Early Post-Operative Management

Role of the Lower Extremity Prostheses

IPOP

Patients are initially fitted with a IPOP (immediate post-operative prosthesis) within 2-3 hours of amputation for edema management. Use of IPOPs can also promote wound/suture healing and minimize risk for falls when WB in the preparatory prosthesis.

Ipop

The IPOP is fitted under anesthesia. Patients with fragile diabetes and advanced vascular disease may not be candidates for a IPOP, and will use soft dressings to help manage edema and promote healing.

Shrinkers are pull-on type socks which can offer swelling management when rigid dressing is removed (needs to be worn 24 hours/day

Preparatory Prosthesis

The type of preparatory prothesis is determined by the MD. This test prosthesis is fit as soon as suture is healed. The function of the prosthesis is to continue to reduce edema and allow for adjustability at the final fit and prosthesis type is determined. A patient may need multiple sockets as the side of the limb is reduced and it lacks complete cosmetic finish. Patients are often altering their gait as they learn to ambulate, so adjustability of the prosthesis is key.

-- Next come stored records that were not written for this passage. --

lemma open_locally_null:
  assumes "T \<in> sets M"
  shows "open (locally_null M T)"
  unfolding open_contains_ball
proof
  fix z assume "z \<in> locally_null M T"
  then obtain r where r: "0 < r" "emeasure M (ball z r \<inter> T) = 0"
    by (auto simp: locally_null_def)
  have "y \<in> locally_null M T" if "y \<in> ball z r" for y
  proof -
    have "ball y (r - dist z y) \<subseteq> ball z r"
      by (rule ball_subset_ball_dist) simp
    then have "emeasure M (ball y (r - dist z y) \<inter> T) \<le> emeasure M (ball z r \<inter> T)"
      using assms by (intro emeasure_mono) auto
    then show ?thesis
      using r that by (auto simp: locally_null_def intro!: exI[of _ "r - dist z y"])
  qed
  then show "\<exists>r>0. ball z r \<subseteq> locally_null M T"
    using r(1) by blast
qed

lemma locally_null_Compl_disjoint:
  assumes "E \<in> sets M"
  shows "locally_null M E \<inter> locally_null M (- E) = {}"
proof (intro equals0I)
  fix z assume "z \<in> locally_null M E \<inter> locally_null M (- E)"
  then obtain r1 r2 where r: "0 < r1" "emeasure M (ball z r1 \<inter> E) = 0"
    "0 < r2" "emeasure M (ball z r2 \<inter> - E) = 0"
    by (auto simp: locally_null_def)
  define r where "r = min r1 r2"
  have "emeasure M (ball z r \<inter> E) \<le> emeasure M (ball z r1 \<inter> E)"
    using assms by (intro emeasure_mono) (auto simp: r_def)
  moreover have "emeasure M (ball z r \<inter> - E) \<le> emeasure M (ball z r2 \<inter> - E)"
    using sets_Compl[OF assms] by (intro emeasure_mono) (auto simp: r_def)
  ultimately have "emeasure M (ball z r \<inter> E) = 0" "emeasure M (ball z r \<inter> - E) = 0"
    using r by auto
  moreover have "emeasure M (ball z r) = emeasure M (ball z r \<inter> E) + emeasure M (ball z r \<inter> - E)"
    using assms sets_Compl[OF assms] by (subst plus_emeasure) (auto intro: arg_cong[where f = "emeasure M"])
  moreover have "0 < emeasure M (ball z r)"
    using r by (intro emeasure_ball_pos) (simp add: r_def)
  ultimately show False
    by simp
qed

lemma reg_boundary_meets_connected:
  assumes "E \<in> sets M" "connected K" "x \<in> K" "y \<in> K" "x \<in> E" "y \<notin> E"
    and "x \<notin> locally_null M E" "y \<notin> locally_null M (- E)"
  shows "K \<inter> reg_boundary M E \<noteq> {}"
  using connected_not_subset_Un_disjoint_open[OF open_locally_null open_locally_null
      locally_null_Compl_disjoint assms(2,3,7,4,8)] assms(1) sets_Compl
  unfolding reg_boundary_eq_locally_null by blast

subsection \<open>Minkowski content and neighbourhoods of the boundary\<close>

lemma emeasure_thickening_le_minkowski_r_content:
  assumes "0 < \<rho>" "minkowski_r_content M t \<rho> A < ennreal K"
  shows "emeasure M (thickening A \<rho>) \<le> ennreal (C * K * \<rho> powr t)"
proof -
  obtain X where X: "countable X" "X \<subseteq> A" "A \<subseteq> (\<Union>x\<in>X. ball x \<rho>)"
    and XK: "ennreal (\<rho> powr (-t)) * (\<integral>\<^sup>+x. emeasure M (ball x \<rho>) \<partial>count_space X) < ennreal K"
    using assms(2) unfolding minkowski_r_content_def by (auto simp: INF_less_iff)
  define S where "S = (\<integral>\<^sup>+x. emeasure M (ball x \<rho>) \<partial>count_space X)"
  have "0 < ennreal K"
    using XK by (rule le_less_trans[OF zero_le])
  then have K: "0 \<le> K"
    by simp
  have "S = ennreal (\<rho> powr t) * (ennreal (\<rho> powr (-t)) * S)"
    using assms(1) by (simp add: mult.assoc[symmetric] ennreal_mult''[symmetric] powr_add[symmetric])
  also have "\<dots> \<le> ennreal (\<rho> powr t) * ennreal K"
    using XK by (intro mult_left_mono) (auto simp: S_def)
  finally have S: "S \<le> ennreal (K * \<rho> powr t)"
    using K by (simp add: ennreal_mult'' mult.commute)
  have "thickening A \<rho> \<subseteq> (\<Union>x\<in>X. ball x (2 * \<rho>))"
    unfolding thickening_def
  proof (intro UN_least)
    fix a assume "a \<in> A"
    then obtain x where "x \<in> X" "dist x a < \<rho>"
      using X(3) by auto
    then have "ball a \<rho> \<subseteq> ball x (2 * \<rho>)"
      by (intro ball_subset_ball_dist) simp
    then show "ball a \<rho> \<subseteq> (\<Union>x\<in>X. ball x (2 * \<rho>))"
      using \<open>x \<in> X\<close> by blast
  qed
  then have "emeasure M (thickening A \<rho>) \<le> emeasure M (\<Union>x\<in>X. ball x (2 * \<rho>))"
    by (intro emeasure_mono) (auto intro: sets.countable_UN' X(1))
  also have "\<dots> \<le> (\<integral>\<^sup>+x. emeasure M (ball x (2 * \<rho>)) \<partial>count_space X)"
    using X(1) by (intro emeasure_countable_Union_le) auto
  also have "\<dots> \<le> (\<integral>\<^sup>+x. ennreal C * emeasure M (ball x \<rho>) \<partial>count_space X)"
    using assms(1) by (intro nn_integral_mono emeasure_ball_double)
  also have "\<dots> = ennreal C * S"
    unfolding S_def by (simp add: nn_integral_cmult)
  also have "\<dots> \<le> ennreal C * ennreal (K * \<rho> powr t)"
    using S by (intro mult_left_mono) auto
  also have "\<dots> = ennreal (C * K * \<rho> powr t)"
    using C_ge_1 K by (simp add: ennreal_mult[symmetric] mult.assoc)
  finally show ?thesis .
qed

lemma emeasure_thickening_le_power:
  assumes "upper_minkowski_content M t A < \<infinity>"
  obtains K \<rho>0 where "0 < \<rho>0" "0 \<le> K"
    "\<And>\<rho>. 0 < \<rho> \<Longrightarrow> \<rho> < \<rho>0 \<Longrightarrow> emeasure M (thickening A \<rho>) \<le> ennreal (K * \<rho> powr t)"
proof -
  define L where "L = upper_minkowski_content M t A"
  define K where "K = enn2real L + 1"
  have "L < ennreal K"
    using assms unfolding K_def L_def by (cases L) (auto simp: ennreal_less_iff)
  then have "eventually (\<lambda>\<rho>. minkowski_r_content M t \<rho> A < ennreal K) (at_right 0)"
    unfolding L_def upper_minkowski_content_def by (rule Limsup_lessD)
  then obtain \<rho>0 where "0 < \<rho>0"
    "\<And>\<rho>. 0 < \<rho> \<Longrightarrow> \<rho> < \<rho>0 \<Longrightarrow> minkowski_r_content M t \<rho> A < ennreal K"
    unfolding eventually_at_right_field by auto
  with emeasure_thickening_le_minkowski_r_content show ?thesis
    using that[of \<rho>0 "C * K"] C_ge_1 by (simp add: K_def)
qed

lemma emeasure_thickening_reg_boundary_finite:
  assumes "E \<subseteq> ball x0 R"
  shows "emeasure M (thickening (reg_boundary M E) \<rho>) < \<infinity>"
proof -
  have "reg_boundary M E \<subseteq> ball x0 (R + 1)"
    using reg_boundary_subset_thickening[of 1 M E] thickening_subset_ball[OF assms, of 1] by simp
  then have "thickening (reg_boundary M E) \<rho> \<subseteq> ball x0 (R + 1 + \<rho>)"
    by (rule thickening_subset_ball)
  then have "emeasure M (thickening (reg_boundary M E) \<rho>) \<le> emeasure M (ball x0 (R + 1 + \<rho>))"
    by (intro emeasure_mono) auto
  then show ?thesis
    using emeasure_ball_finite le_less_trans by blast
qed

end

section \<open>Besov regularity of sets with small boundary\<close>

locale doubling_LLC_space = doubling_metric_measure +
  fixes CL :: real
  assumes CL_ge_1: "1 \<le> CL"
    and LLC: "\<And>(x :: 'a) r y z. y \<in> ball x r \<Longrightarrow> z \<in> ball x r \<Longrightarrow>
      \<exists>K. connected K \<and> y \<in> K \<and> z \<in> K \<and> K \<subseteq> ball x (CL * r)"

lemma doubling_LLC_spaceI:
  fixes M :: "'a::metric_space measure"
  assumes "doubling_metric_measure M C" "LLC1 (UNIV :: 'a set)"
  obtains CL where "doubling_LLC_space M C CL"
proof -
  obtain CL where "1 \<le> CL" and CL: "\<forall>x :: 'a. \<forall>r>0. \<forall>y\<in>ball x r. \<forall>z\<in>ball x r.
      \<exists>K. connected K \<and> y \<in> K \<and> z \<in> K \<and> K \<subseteq> ball x (CL * r)"
    using assms(2) unfolding LLC1_def by auto
  have "\<exists>K. connected K \<and> y \<in> K \<and> z \<in> K \<and> K \<subseteq> ball x (CL * r)"
    if "y \<in> ball x r" "z \<in> ball x r" for x r and y z :: 'a
  proof -
    have "0 < r"
      using that(1) zero_le_dist[of x y] unfolding mem_ball by linarith
    then show ?thesis
      using CL that by blast
  qed
  with assms(1) \<open>1 \<le> CL\<close> have "doubling_LLC_space M C CL"
    by (simp add: doubling_LLC_space_def doubling_LLC_space_axioms_def)
  then show ?thesis ..
qed

context doubling_LLC_space
begin

text \<open>By LLC-1, a continuum joining \<open>x\<close> to \<open>y\<close> inside \<open>ball x (CL * r)\<close> must
  cross the regularized boundary.\<close>
lemma jump_in_thickening_reg_boundary:
  assumes "E \<in> sets M"
    and "x \<notin> locally_null M (if x \<in> E then E else - E)"
    and "y \<notin> locally_null M (if y \<in> E then E else - E)"
    and "x \<in> E \<longleftrightarrow> y \<notin> E" "dist x y < r"
  shows "x \<in> thickening (reg_boundary M E) (CL * r)"
proof -
  have "0 < r"
    using assms(5) zero_le_dist[of x y] by linarith
  then have "x \<in> ball x r" "y \<in> ball x r"
    using assms(5) by auto
  then obtain K where K: "connected K" "x \<in> K" "y \<in> K" "K \<subseteq> ball x (CL * r)"
    using LLC by blast
  have "K \<inter> reg_boundary M E \<noteq> {}"
  proof (cases "x \<in> E")
    case True
    then show ?thesis
      using reg_boundary_meets_connected[OF assms(1) K(1-3)] assms(2-4) by simp
  next
    case False
    then show ?thesis
      using reg_boundary_meets_connected[OF sets_Compl[OF assms(1)] K(1-3)] assms(2-4)
      by (simp add: reg_boundary_Compl)
  qed
  then obtain z where "z \<in> reg_boundary M E" "dist x z < CL * r"
    using K(4) by (auto simp: subset_iff)
  then show ?thesis
    unfolding thickening_def by (auto simp: dist_commute)
qed

lemma jump_integral_le_outside_thickening:
  assumes "E \<in> sets M" "0 < s" "0 < r"
    and "x \<notin> locally_null M (if x \<in> E then E else - E)"
    and "x \<notin> thickening (reg_boundary M E) (CL * r)"
  shows "jump_integral E s x \<le> ennreal (C * r powr (-s) / (1 - 2 powr (-s)))"
proof -
  have "AE y in M. ennreal (\<bar>indicator E y - indicator E x\<bar> * besov_weight s x (dist x y))
      \<le> indicator (- ball x r) y * ennreal (besov_weight s x (dist x y))"
    using AE_not_locally_null_side[OF assms(1)]
  proof eventually_elim
    case (elim y)
    show ?case
    proof (cases "x \<in> E \<longleftrightarrow> y \<notin> E")
      case True
      then have "r \<le> dist x y"
        using jump_in_thickening_reg_boundary[OF assms(1,4) elim True] assms(5) by force
      then show ?thesis
        using True by (auto simp: indicator_def)
    qed (auto simp: indicator_def)
  qed
  then have "jump_integral E s x
      \<le> (\<integral>\<^sup>+y. indicator (- ball x r) y * ennreal (besov_weight s x (dist x y)) \<partial>M)"
    unfolding jump_integral_def by (rule nn_integral_mono_AE)
  also have "\<dots> \<le> ennreal (C * r powr (-s) / (1 - 2 powr (-s)))"
    using assms(3,2) by (rule nn_integral_besov_weight_tail)
  finally show ?thesis .
qed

Common pressure areas include condyles, fibula, tibial tuberosity, and posterior aspect of the knee

 

Role of Physical Therapy

Interventions post-amputation are directed at maximizing function and minimizing complications that result in poor prosthetic fit. The rehab team works closely with the patient to monitor skin, manage swelling, prevent falls, and recondition for the energy cost associated with donning/doffing and ambulating with a prosthetic limb.